[Dataset entries]

........

(* Let $\Theta$ be a well-formed System $\mathsf{F_\wedge}$ context, $S$ an $\mathsf{F_\wedge}$ type over $\Theta$, and $T,T'$ $\mathsf{F_\wedge}$ types over $\Theta, X <: S$. If $\Theta, X <: S \vdash T <: T'$, then $\Theta \vdash \forall X.\,T[X \wedge S/X] <: \forall X.\,T'[X \wedge S/X]$.
   Context: System $\mathsf{F_\wedge}$: raw types $T ::= \top \mid X \mid T \to T \mid \forall X.T \mid T \wedge T$ ($X$ ranging over type variables), identified up to $\alpha$-conversion; $\forall X.T$ abbreviates $\forall (X<:\top).T$. A context $\Theta$ is a finite sequence of assumptions $X <: T$ (type variable with bound $T$) or $x : T$ (term variable of type $T$), with distinct variables, each type being well-formed (free type variables declared earlier) over the preceding part. Subtyping judgements $\Theta \vdash S <: T$ are generated by: (Var) $\Theta, X<:T, \Theta' \vdash X <: T$; (Top) $\Theta \vdash T <: \top$; (Refl) $\Theta \vdash T <: T$; (Trans) from $\Theta\vdash T<:T'$ and $\Theta \vdash T' <: T''$ infer $\Theta \vdash T <: T''$; ($\to$) from $\Theta \vdash S' <: S$ and $\Theta \vdash T <: T'$ infer $\Theta \vdash S \to T <: S' \to T'$; ($\forall$) from $\Theta, X <: \top \vdash S <: T$ infer $\Theta \vdash \forall X.S <: \forall X.T$; (meet) $\Theta \vdash S \wedge S' <: S$, $\Theta \vdash S\wedge S' <: S'$, and from $\Theta \vdash T <: S$ and $\Theta \vdash T <: S'$ infer $\Theta \vdash T <: S \wedge S'$. $T[U/X]$ denotes capture-avoiding substitution. *)

theory Defs
  imports Main
begin

text \<open>System F-meet with de Bruijn indices (types identified up to alpha-conversion).
  Index i refers to the i-th binding of the context counted from the most recent one
  (term-variable bindings also occupy a position, as in the POPLmark encodings).
  A universal type abbreviates a quantifier bounded by Top, so All carries only the body.\<close>

datatype ty = Top | TVar nat | Arr ty ty | All ty | Meet ty ty

datatype binding = VarB ty | TVarB ty

type_synonym env = "binding list"

definition lift_ren :: "(nat \<Rightarrow> nat) \<Rightarrow> nat \<Rightarrow> nat" where
  "lift_ren \<rho> i = (case i of 0 \<Rightarrow> 0 | Suc j \<Rightarrow> Suc (\<rho> j))"

fun ren :: "(nat \<Rightarrow> nat) \<Rightarrow> ty \<Rightarrow> ty" where
  "ren \<rho> Top = Top"
| "ren \<rho> (TVar i) = TVar (\<rho> i)"
| "ren \<rho> (Arr S T) = Arr (ren \<rho> S) (ren \<rho> T)"
| "ren \<rho> (All T) = All (ren (lift_ren \<rho>) T)"
| "ren \<rho> (Meet S T) = Meet (ren \<rho> S) (ren \<rho> T)"

definition shift :: "nat \<Rightarrow> ty \<Rightarrow> ty" where
  "shift n T = ren (\<lambda>i. i + n) T"

definition lift_sub :: "(nat \<Rightarrow> ty) \<Rightarrow> nat \<Rightarrow> ty" where
  "lift_sub \<sigma> i = (case i of 0 \<Rightarrow> TVar 0 | Suc j \<Rightarrow> shift 1 (\<sigma> j))"

fun tsubst :: "(nat \<Rightarrow> ty) \<Rightarrow> ty \<Rightarrow> ty" where
  "tsubst \<sigma> Top = Top"
| "tsubst \<sigma> (TVar i) = \<sigma> i"
| "tsubst \<sigma> (Arr S T) = Arr (tsubst \<sigma> S) (tsubst \<sigma> T)"
| "tsubst \<sigma> (All T) = All (tsubst (lift_sub \<sigma>) T)"
| "tsubst \<sigma> (Meet S T) = Meet (tsubst \<sigma> S) (tsubst \<sigma> T)"

fun is_TVarB :: "binding \<Rightarrow> bool" where
  "is_TVarB (TVarB _) = True"
| "is_TVarB (VarB _) = False"

fun wf_ty :: "env \<Rightarrow> ty \<Rightarrow> bool" where
  "wf_ty \<Gamma> Top = True"
| "wf_ty \<Gamma> (TVar i) = (i < length \<Gamma> \<and> is_TVarB (\<Gamma> ! i))"
| "wf_ty \<Gamma> (Arr S T) = (wf_ty \<Gamma> S \<and> wf_ty \<Gamma> T)"
| "wf_ty \<Gamma> (All T) = wf_ty (TVarB Top # \<Gamma>) T"
| "wf_ty \<Gamma> (Meet S T) = (wf_ty \<Gamma> S \<and> wf_ty \<Gamma> T)"

inductive wf_env :: "env \<Rightarrow> bool" where
  wf_Nil: "wf_env []"
| wf_TVarB: "wf_env \<Gamma> \<Longrightarrow> wf_ty \<Gamma> T \<Longrightarrow> wf_env (TVarB T # \<Gamma>)"
| wf_VarB: "wf_env \<Gamma> \<Longrightarrow> wf_ty \<Gamma> T \<Longrightarrow> wf_env (VarB T # \<Gamma>)"

text \<open>Subtyping judgement. In rule Var the bound U lives in the context after dropping the
  first Suc i bindings, hence it is shifted by Suc i.\<close>
inductive sub :: "env \<Rightarrow> ty \<Rightarrow> ty \<Rightarrow> bool" where
  SA_Var: "i < length \<Gamma> \<Longrightarrow> \<Gamma> ! i = TVarB U \<Longrightarrow> sub \<Gamma> (TVar i) (shift (Suc i) U)"
| SA_Top: "sub \<Gamma> T Top"
| SA_Refl: "sub \<Gamma> T T"
| SA_Trans: "sub \<Gamma> T T' \<Longrightarrow> sub \<Gamma> T' T'' \<Longrightarrow> sub \<Gamma> T T''"
| SA_Arr: "sub \<Gamma> S' S \<Longrightarrow> sub \<Gamma> T T' \<Longrightarrow> sub \<Gamma> (Arr S T) (Arr S' T')"
| SA_All: "sub (TVarB Top # \<Gamma>) S T \<Longrightarrow> sub \<Gamma> (All S) (All T)"
| SA_Meet1: "sub \<Gamma> (Meet S S') S"
| SA_Meet2: "sub \<Gamma> (Meet S S') S'"
| SA_Meet: "sub \<Gamma> T S \<Longrightarrow> sub \<Gamma> T S' \<Longrightarrow> sub \<Gamma> T (Meet S S')"

text \<open>The substitution [X meet S / X] for the innermost variable X, where the result body is
  placed under a new binder X (bound Top) over context Theta; S (over Theta) is weakened by one.\<close>
definition meet_sub :: "ty \<Rightarrow> nat \<Rightarrow> ty" where
  "meet_sub S i = (if i = 0 then Meet (TVar 0) (shift 1 S) else TVar i)"

end

theory Submission
  imports Defs
begin

text \<open>Subtyping is stable under every substitution that sends each bounded variable
  \<open>X\<^sub>i <: U\<close> to a subtype of the substituted bound; the proof is a rule induction whose only
  interesting cases are Var (the hypothesis) and the quantifier rule (go under the binder,
  which needs weakening, itself the analogous statement for renamings). The substitution
  \<open>X \<mapsto> X \<and> S\<close> from \<open>\<Theta>, X <: S\<close> to \<open>\<Theta>, X <: \<top>\<close> qualifies, since \<open>X \<and> S <: S\<close> by the
  meet rule; one application of the quantifier rule finishes the proof.\<close>

lemma lift_ren_comp: "lift_ren (\<rho>1 \<circ> \<rho>2) = lift_ren \<rho>1 \<circ> lift_ren \<rho>2"
  by (rule ext) (simp add: lift_ren_def split: nat.splits)

lemma ren_ren: "ren \<rho>1 (ren \<rho>2 T) = ren (\<rho>1 \<circ> \<rho>2) T"
  by (induction T arbitrary: \<rho>1 \<rho>2) (simp_all add: lift_ren_comp)

lemma lift_sub_comp_lift_ren: "lift_sub \<sigma> \<circ> lift_ren \<rho> = lift_sub (\<sigma> \<circ> \<rho>)"
  by (rule ext) (simp add: lift_ren_def lift_sub_def split: nat.splits)

lemma tsubst_ren: "tsubst \<sigma> (ren \<rho> T) = tsubst (\<sigma> \<circ> \<rho>) T"
  by (induction T arbitrary: \<sigma> \<rho>) (simp_all add: lift_sub_comp_lift_ren)

lemma shift_shift: "shift a (shift b T) = shift (a + b) T"
proof -
  have "(\<lambda>i. i + a) \<circ> (\<lambda>i. i + b) = (\<lambda>i. i + (a + b))" by (rule ext) simp
  then show ?thesis by (simp add: shift_def ren_ren)
qed

lemma ren_lift_ren_shift1: "ren (lift_ren \<rho>) (shift 1 T) = shift 1 (ren \<rho> T)"
proof -
  have "lift_ren \<rho> \<circ> (\<lambda>i. i + 1) = (\<lambda>i. i + 1) \<circ> \<rho>"
    by (rule ext) (simp add: lift_ren_def)
  then show ?thesis by (simp add: shift_def ren_ren)
qed

lemma ren_comp_lift_sub: "ren (lift_ren \<rho>) \<circ> lift_sub \<sigma> = lift_sub (ren \<rho> \<circ> \<sigma>)"
proof (rule ext)
  fix i
  show "(ren (lift_ren \<rho>) \<circ> lift_sub \<sigma>) i = lift_sub (ren \<rho> \<circ> \<sigma>) i"
    by (cases i) (simp_all add: lift_sub_def lift_ren_def ren_lift_ren_shift1 del: One_nat_def)
qed

lemma ren_tsubst: "ren \<rho> (tsubst \<sigma> T) = tsubst (ren \<rho> \<circ> \<sigma>) T"
  by (induction T arbitrary: \<sigma> \<rho>) (simp_all add: ren_comp_lift_sub)

lemma tsubst_lift_sub_shift1: "tsubst (lift_sub \<sigma>) (shift 1 T) = shift 1 (tsubst \<sigma> T)"
proof -
  have "lift_sub \<sigma> \<circ> (\<lambda>i. i + 1) = ren (\<lambda>i. i + 1) \<circ> \<sigma>"
    by (rule ext) (simp add: lift_sub_def shift_def)
  then show ?thesis by (simp add: shift_def tsubst_ren ren_tsubst)
qed

lemma lift_sub_TVar: "lift_sub (TVar \<circ> \<rho>) = TVar \<circ> lift_ren \<rho>"
  by (rule ext) (simp add: lift_ren_def lift_sub_def shift_def split: nat.splits)

lemma tsubst_TVar: "tsubst (TVar \<circ> \<rho>) T = ren \<rho> T"
  by (induction T arbitrary: \<rho>) (simp_all add: lift_sub_TVar)

definition ren_respects_bounds :: "(nat \<Rightarrow> nat) \<Rightarrow> env \<Rightarrow> env \<Rightarrow> bool" where
  "ren_respects_bounds \<rho> \<Gamma> \<Delta> \<longleftrightarrow>
    (\<forall>i U. i < length \<Gamma> \<longrightarrow> \<Gamma> ! i = TVarB U \<longrightarrow>
      (\<exists>U'. \<rho> i < length \<Delta> \<and> \<Delta> ! \<rho> i = TVarB U' \<and>
            ren \<rho> (shift (Suc i) U) = shift (Suc (\<rho> i)) U'))"

definition subst_respects_bounds :: "(nat \<Rightarrow> ty) \<Rightarrow> env \<Rightarrow> env \<Rightarrow> bool" where
  "subst_respects_bounds \<sigma> \<Gamma> \<Delta> \<longleftrightarrow>
    (\<forall>i U. i < length \<Gamma> \<longrightarrow> \<Gamma> ! i = TVarB U \<longrightarrow>
      sub \<Delta> (\<sigma> i) (tsubst \<sigma> (shift (Suc i) U)))"

lemma ren_respects_bounds_lift:
  assumes "ren_respects_bounds \<rho> \<Gamma> \<Delta>"
  shows "ren_respects_bounds (lift_ren \<rho>) (TVarB Top # \<Gamma>) (TVarB Top # \<Delta>)"
  unfolding ren_respects_bounds_def
proof (intro allI impI)
  fix i U
  assume i: "i < length (TVarB Top # \<Gamma>)" and bound: "(TVarB Top # \<Gamma>) ! i = TVarB U"
  show "\<exists>U'. lift_ren \<rho> i < length (TVarB Top # \<Delta>) \<and>
          (TVarB Top # \<Delta>) ! lift_ren \<rho> i = TVarB U' \<and>
          ren (lift_ren \<rho>) (shift (Suc i) U) = shift (Suc (lift_ren \<rho> i)) U'"
  proof (cases i)
    case 0
    then show ?thesis using bound by (simp add: lift_ren_def shift_def)
  next
    case (Suc j)
    with i bound assms obtain U' where "\<rho> j < length \<Delta>" "\<Delta> ! \<rho> j = TVarB U'"
      and ren_bound: "ren \<rho> (shift (Suc j) U) = shift (Suc (\<rho> j)) U'"
      by (auto simp: ren_respects_bounds_def)
    moreover have "ren (lift_ren \<rho>) (shift (Suc i) U) = shift 1 (ren \<rho> (shift (Suc j) U))"
      using Suc ren_lift_ren_shift1[of \<rho> "shift (Suc j) U"] by (simp add: shift_shift)
    ultimately show ?thesis using Suc by (simp add: lift_ren_def shift_shift)
  qed
qed

lemma sub_ren:
  assumes "sub \<Gamma> A B" and "ren_respects_bounds \<rho> \<Gamma> \<Delta>"
  shows "sub \<Delta> (ren \<rho> A) (ren \<rho> B)"
  using assms
proof (induction arbitrary: \<rho> \<Delta> rule: sub.induct)
  case (SA_Var i \<Gamma> U)
  then obtain U' where "\<rho> i < length \<Delta>" "\<Delta> ! \<rho> i = TVarB U'"
    and "ren \<rho> (shift (Suc i) U) = shift (Suc (\<rho> i)) U'"
    by (auto simp: ren_respects_bounds_def)
  then show ?case by (simp add: sub.SA_Var)
next
  case (SA_Trans \<Gamma> T T' T'')
  then show ?case by (meson sub.SA_Trans)
next
  case (SA_All \<Gamma> S T)
  then show ?case by (simp add: sub.SA_All ren_respects_bounds_lift)
qed (auto intro: sub.intros)

lemma sub_weaken: "sub \<Gamma> A B \<Longrightarrow> sub (b # \<Gamma>) (shift 1 A) (shift 1 B)"
  unfolding shift_def[of 1 A] shift_def[of 1 B]
  by (rule sub_ren) (auto simp: ren_respects_bounds_def shift_def ren_ren comp_def)

lemma subst_respects_bounds_lift:
  assumes "subst_respects_bounds \<sigma> \<Gamma> \<Delta>"
  shows "subst_respects_bounds (lift_sub \<sigma>) (TVarB Top # \<Gamma>) (TVarB Top # \<Delta>)"
  unfolding subst_respects_bounds_def
proof (intro allI impI)
  fix i U
  assume i: "i < length (TVarB Top # \<Gamma>)" and bound: "(TVarB Top # \<Gamma>) ! i = TVarB U"
  show "sub (TVarB Top # \<Delta>) (lift_sub \<sigma> i) (tsubst (lift_sub \<sigma>) (shift (Suc i) U))"
  proof (cases i)
    case 0
    then show ?thesis using bound by (simp add: shift_def sub.SA_Top)
  next
    case (Suc j)
    with i bound assms have "sub \<Delta> (\<sigma> j) (tsubst \<sigma> (shift (Suc j) U))"
      by (auto simp: subst_respects_bounds_def)
    moreover have "tsubst (lift_sub \<sigma>) (shift (Suc i) U) = shift 1 (tsubst \<sigma> (shift (Suc j) U))"
      using Suc tsubst_lift_sub_shift1[of \<sigma> "shift (Suc j) U"] by (simp add: shift_shift)
    ultimately show ?thesis using Suc by (simp add: lift_sub_def sub_weaken del: One_nat_def)
  qed
qed

lemma sub_subst:
  assumes "sub \<Gamma> A B" and "subst_respects_bounds \<sigma> \<Gamma> \<Delta>"
  shows "sub \<Delta> (tsubst \<sigma> A) (tsubst \<sigma> B)"
  using assms
proof (induction arbitrary: \<sigma> \<Delta> rule: sub.induct)
  case (SA_Var i \<Gamma> U)
  then show ?case by (simp add: subst_respects_bounds_def)
next
  case (SA_Trans \<Gamma> T T' T'')
  then show ?case by (meson sub.SA_Trans)
next
  case (SA_All \<Gamma> S T)
  then show ?case by (simp add: sub.SA_All subst_respects_bounds_lift)
qed (auto intro: sub.intros)

lemma tsubst_meet_sub_shift: "tsubst (meet_sub S) (shift (Suc k) T) = shift (Suc k) T"
proof -
  have "meet_sub S \<circ> (\<lambda>i. i + Suc k) = TVar \<circ> (\<lambda>i. i + Suc k)"
    by (rule ext) (simp add: meet_sub_def)
  then show ?thesis by (simp add: shift_def tsubst_ren tsubst_TVar)
qed

lemma subst_respects_bounds_meet_sub:
  "subst_respects_bounds (meet_sub S) (TVarB S # \<Theta>) (TVarB Top # \<Theta>)"
  unfolding subst_respects_bounds_def tsubst_meet_sub_shift
proof (intro allI impI)
  fix i U
  assume i: "i < length (TVarB S # \<Theta>)" and bound: "(TVarB S # \<Theta>) ! i = TVarB U"
  show "sub (TVarB Top # \<Theta>) (meet_sub S i) (shift (Suc i) U)"
  proof (cases i)
    case 0
    then show ?thesis using bound by (simp add: meet_sub_def sub.SA_Meet2)
  next
    case (Suc j)
    then show ?thesis using i bound by (simp add: meet_sub_def sub.SA_Var)
  qed
qed

theorem lemma3p1:
  assumes "wf_env \<Theta>"
    and "wf_ty \<Theta> S"
    and "wf_ty (TVarB S # \<Theta>) T"
    and "wf_ty (TVarB S # \<Theta>) T'"
    and "sub (TVarB S # \<Theta>) T T'"
  shows "sub \<Theta> (All (tsubst (meet_sub S) T)) (All (tsubst (meet_sub S) T'))"
  using sub_subst[OF assms(5) subst_respects_bounds_meet_sub] by (rule sub.SA_All)

end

........

Your objective: Only the lines above from the one with "(simp_all add: ren_comp_lift_sub)" through the one with "(TVar \<circ> \<rho>) T" should be duplicated, character for character.

Answer section:
  by (induction T arbitrary: \<sigma> \<rho>) (simp_all add: ren_comp_lift_sub)

lemma tsubst_lift_sub_shift1: "tsubst (lift_sub \<sigma>) (shift 1 T) = shift 1 (tsubst \<sigma> T)"
proof -
  have "lift_sub \<sigma> \<circ> (\<lambda>i. i + 1) = ren (\<lambda>i. i + 1) \<circ> \<sigma>"
    by (rule ext) (simp add: lift_sub_def shift_def)
  then show ?thesis by (simp add: shift_def tsubst_ren ren_tsubst)
qed

lemma lift_sub_TVar: "lift_sub (TVar \<circ> \<rho>) = TVar \<circ> lift_ren \<rho>"
  by (rule ext) (simp add: lift_ren_def lift_sub_def shift_def split: nat.splits)

lemma tsubst_TVar: "tsubst (TVar \<circ> \<rho>) T = ren \<rho> T"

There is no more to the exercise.